__EXERCISE__
Write out exactly the lines of the entries below from the one holding "nat set \<Rightarrow>" to the one holding "(\<exists>j\<in>S. (\<Sum>S) mod", inclusive, and leave out all other lines.

__DATA TO EXAMINE__
§

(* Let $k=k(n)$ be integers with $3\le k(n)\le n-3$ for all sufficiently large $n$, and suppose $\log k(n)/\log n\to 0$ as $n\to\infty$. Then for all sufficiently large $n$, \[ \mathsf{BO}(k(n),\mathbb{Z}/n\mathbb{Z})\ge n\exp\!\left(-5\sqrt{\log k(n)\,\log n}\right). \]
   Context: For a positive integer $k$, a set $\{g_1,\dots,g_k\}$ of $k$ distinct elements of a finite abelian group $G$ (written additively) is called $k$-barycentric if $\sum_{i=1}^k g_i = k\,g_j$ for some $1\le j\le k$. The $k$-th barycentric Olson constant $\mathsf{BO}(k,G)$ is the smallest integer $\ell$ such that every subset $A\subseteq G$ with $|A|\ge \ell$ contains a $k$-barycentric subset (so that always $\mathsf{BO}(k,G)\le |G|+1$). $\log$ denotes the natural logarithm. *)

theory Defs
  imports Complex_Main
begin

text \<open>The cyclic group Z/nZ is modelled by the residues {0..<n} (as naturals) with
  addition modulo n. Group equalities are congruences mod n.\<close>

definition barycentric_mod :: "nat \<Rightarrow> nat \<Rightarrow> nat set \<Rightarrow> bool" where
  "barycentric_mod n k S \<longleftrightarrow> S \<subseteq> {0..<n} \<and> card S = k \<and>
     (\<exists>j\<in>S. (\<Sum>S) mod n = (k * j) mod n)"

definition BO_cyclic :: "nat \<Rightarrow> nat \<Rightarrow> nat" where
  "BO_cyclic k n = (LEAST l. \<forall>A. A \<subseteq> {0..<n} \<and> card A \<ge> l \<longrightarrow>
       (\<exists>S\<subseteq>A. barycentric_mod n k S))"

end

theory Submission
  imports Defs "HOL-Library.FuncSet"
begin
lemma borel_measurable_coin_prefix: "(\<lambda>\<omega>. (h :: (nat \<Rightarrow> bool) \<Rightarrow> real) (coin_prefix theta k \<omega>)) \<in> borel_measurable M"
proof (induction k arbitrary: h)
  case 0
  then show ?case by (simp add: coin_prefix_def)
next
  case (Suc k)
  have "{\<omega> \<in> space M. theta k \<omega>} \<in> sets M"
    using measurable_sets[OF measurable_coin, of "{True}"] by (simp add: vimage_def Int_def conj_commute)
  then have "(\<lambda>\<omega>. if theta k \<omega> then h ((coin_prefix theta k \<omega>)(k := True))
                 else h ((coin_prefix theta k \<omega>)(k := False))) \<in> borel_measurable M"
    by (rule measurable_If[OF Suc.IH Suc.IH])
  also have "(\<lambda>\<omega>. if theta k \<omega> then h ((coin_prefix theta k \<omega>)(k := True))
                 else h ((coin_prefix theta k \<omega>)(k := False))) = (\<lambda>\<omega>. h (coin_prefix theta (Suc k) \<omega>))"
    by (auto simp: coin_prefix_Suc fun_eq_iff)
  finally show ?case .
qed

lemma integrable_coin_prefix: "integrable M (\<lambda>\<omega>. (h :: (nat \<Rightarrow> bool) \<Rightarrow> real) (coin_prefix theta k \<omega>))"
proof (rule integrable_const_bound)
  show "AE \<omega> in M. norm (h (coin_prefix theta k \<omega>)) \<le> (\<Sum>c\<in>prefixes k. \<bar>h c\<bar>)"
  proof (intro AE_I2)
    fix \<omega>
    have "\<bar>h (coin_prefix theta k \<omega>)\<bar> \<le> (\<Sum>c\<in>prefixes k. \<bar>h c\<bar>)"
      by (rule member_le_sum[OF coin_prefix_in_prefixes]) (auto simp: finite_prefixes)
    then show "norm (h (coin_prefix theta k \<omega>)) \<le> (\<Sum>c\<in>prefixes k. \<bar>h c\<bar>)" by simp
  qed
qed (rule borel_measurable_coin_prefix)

§

__RESULT FOR THIS TASK__
definition barycentric_mod :: "nat \<Rightarrow> nat \<Rightarrow> nat set \<Rightarrow> bool" where
  "barycentric_mod n k S \<longleftrightarrow> S \<subseteq> {0..<n} \<and> card S = k \<and>
     (\<exists>j\<in>S. (\<Sum>S) mod n = (k * j) mod n)"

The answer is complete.